#### WHAT NEEDS TO BE DONE:
In the material below, repeat only the lines from the one that holds "means a global" through the final line, exactly as they stand.

#### MATERIAL SUPPLIED:
(* Let $N\ge 2$ and $d_0,\dots,d_N,p_1,\dots,p_N,q_0,\dots,q_N\ge 1$ be integers, $d=\sum_{i=0}^N d_i$, $p=\sum_{i=1}^N p_i$, $\mathcal{X}=\prod_{i=0}^N\mathcal{X}_i$ with $\mathcal{X}_i\subset\mathbb{R}^{d_i}$, and $\mathcal{Y}=\prod_{i=1}^N\mathcal{Y}_i$ with $\mathcal{Y}_i\subset\mathbb{R}^{p_i}$. Let $f:\mathcal{X}\to\mathbb{R}$, $g_0:\mathcal{X}\to\mathbb{R}^{q_0}$, $g_i:\mathcal{X}_0\times\mathcal{X}_i\to\mathbb{R}^{q_i}$, $g(\mathbf{x})=(g_0(\mathbf{x}),g_1(\mathbf{x}_0,\mathbf{x}_1),\dots,g_N(\mathbf{x}_0,\mathbf{x}_N))$. For $i\in\{1,\dots,N\}$ let $\mathbf{a}_i\in\mathbb{R}^{p_i}$, $\mathbf{B}_{i,0}\in\mathbb{R}^{p_i\times d_0}$, $\mathbf{B}_{i,i}\in\mathbb{R}^{p_i\times d_i}$, and $\mathbf{C}_{i,j}\in\mathbb{R}^{p_i\times p_j}$ for $j\ne i$, and define the linear coupling functions $h_i(\mathbf{x}_0,\mathbf{x}_i,\mathbf{y}_{-i})=\mathbf{a}_i-\mathbf{B}_{i,0}\mathbf{x}_0-\mathbf{B}_{i,i}\mathbf{x}_i+\sum_{j\ne i}\mathbf{C}_{i,j}\mathbf{y}_j$, with $h=(h_1,\dots,h_N)$. The system $\mathbf{y}=h(\mathbf{x},\mathbf{y})$ reads $\mathbf{C}\mathbf{y}=\mathbf{a}-\mathbf{B}\mathbf{x}$, where $\mathbf{a}=(\mathbf{a}_1;\dots;\mathbf{a}_N)$, $\mathbf{B}$ is the $p\times d$ block matrix whose block row $i$ is $(\mathbf{B}_{i,0},0,\dots,0,\mathbf{B}_{i,i},0,\dots,0)$ (with $\mathbf{B}_{i,i}$ in block column $i$, block columns indexed $0,\dots,N$), and $\mathbf{C}=\mathbf{I}_p-\mathbf{K}$ with $\mathbf{K}$ the $p\times p$ block matrix with zero diagonal blocks and off-diagonal blocks $\mathbf{C}_{i,j}$. Assume $\mathbf{C}$ is invertible. Let $\mathcal{S}=\{(\mathbf{x},\mathbf{y})\in\mathcal{X}\times\mathcal{Y}:\mathbf{y}=h(\mathbf{x},\mathbf{y})\}$, and let $L:\mathcal{X}\times\mathcal{Y}\to\mathbb{R}^d$ satisfy $L(\mathbf{x},\mathbf{y})=\mathbf{x}$ for all $(\mathbf{x},\mathbf{y})\in\mathcal{S}$, with $\tilde f=f\circ L$, $\tilde g=g\circ L$ defined on $\mathcal{X}\times\mathcal{Y}$. Consider (P): minimize $f(\mathbf{x})$ subject to $g_0(\mathbf{x})\le 0$, $g_i(\mathbf{x}_0,\mathbf{x}_i)\le0$ ($1\le i\le N$); and (MDO): minimize $\tilde f(\mathbf{x},\mathbf{y})$ over $(\mathbf{x},\mathbf{y})\in\mathcal{X}\times\mathcal{Y}$ subject to $\tilde g(\mathbf{x},\mathbf{y})\le0$ and $\mathbf{y}_i=h_i(\mathbf{x}_0,\mathbf{x}_i,\mathbf{y}_{-i})$ ($1\le i\le N$). Then (MDO) is equivalent to (P) on $\Pi_{\mathcal{X}}(\mathcal{S})=\{\mathbf{x}\in\mathcal{X}:\mathbf{C}^{-1}(\mathbf{a}-\mathbf{B}\mathbf{x})\in\mathcal{Y}\}$, i.e. $(\mathbf{x},\mathbf{y})$ is a solution of (MDO) iff $(\mathbf{x},\mathbf{y})\in\mathcal{S}$ and $\mathbf{x}$ is a solution of (P) over this set. Moreover, writing $\boldsymbol{\beta}=-\mathbf{C}^{-1}\mathbf{B}$ in blocks $\boldsymbol{\beta}_{i,j}\in\mathbb{R}^{p_i\times d_j}$ ($1\le i\le N$, $0\le j\le N$) and $\boldsymbol{\alpha}=\mathbf{C}^{-1}\mathbf{a}=(\boldsymbol{\alpha}_1;\dots;\boldsymbol{\alpha}_N)$, and assuming $p_i=d_i$ for $1\le i\le N$, the function $L(\mathbf{x},\mathbf{y})=\big(\mathbf{x}_0,\ \mathbf{x}_1+\mathbf{y}_1-\boldsymbol{\alpha}_1-\sum_{j=0}^N\boldsymbol{\beta}_{1,j}\mathbf{x}_j,\ \dots,\ \mathbf{x}_N+\mathbf{y}_N-\boldsymbol{\alpha}_N-\sum_{j=0}^N\boldsymbol{\beta}_{N,j}\mathbf{x}_j\big)$ satisfies $L(\mathbf{x},\mathbf{y})=\mathbf{x}$ for all $(\mathbf{x},\mathbf{y})\in\mathcal{S}$.
   Context: "Solution" means a global minimizer among feasible points; inequalities are componentwise. $\mathbf{x}=(\mathbf{x}_0,\dots,\mathbf{x}_N)$ with $\mathbf{x}_i\in\mathbb{R}^{d_i}$, $\mathbf{y}=(\mathbf{y}_1,\dots,\mathbf{y}_N)$ with $\mathbf{y}_i\in\mathbb{R}^{p_i}$, $\mathbf{y}_{-i}=(\mathbf{y}_j)_{j\ne i}$. *)

theory Defs
  imports Main "HOL.Real"
begin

#### RESPONSE TO THIS TASK:
   Context: "Solution" means a global minimizer among feasible points; inequalities are componentwise. $\mathbf{x}=(\mathbf{x}_0,\dots,\mathbf{x}_N)$ with $\mathbf{x}_i\in\mathbb{R}^{d_i}$, $\mathbf{y}=(\mathbf{y}_1,\dots,\mathbf{y}_N)$ with $\mathbf{y}_i\in\mathbb{R}^{p_i}$, $\mathbf{y}_{-i}=(\mathbf{y}_j)_{j\ne i}$. *)

theory Defs
  imports Main "HOL.Real"
begin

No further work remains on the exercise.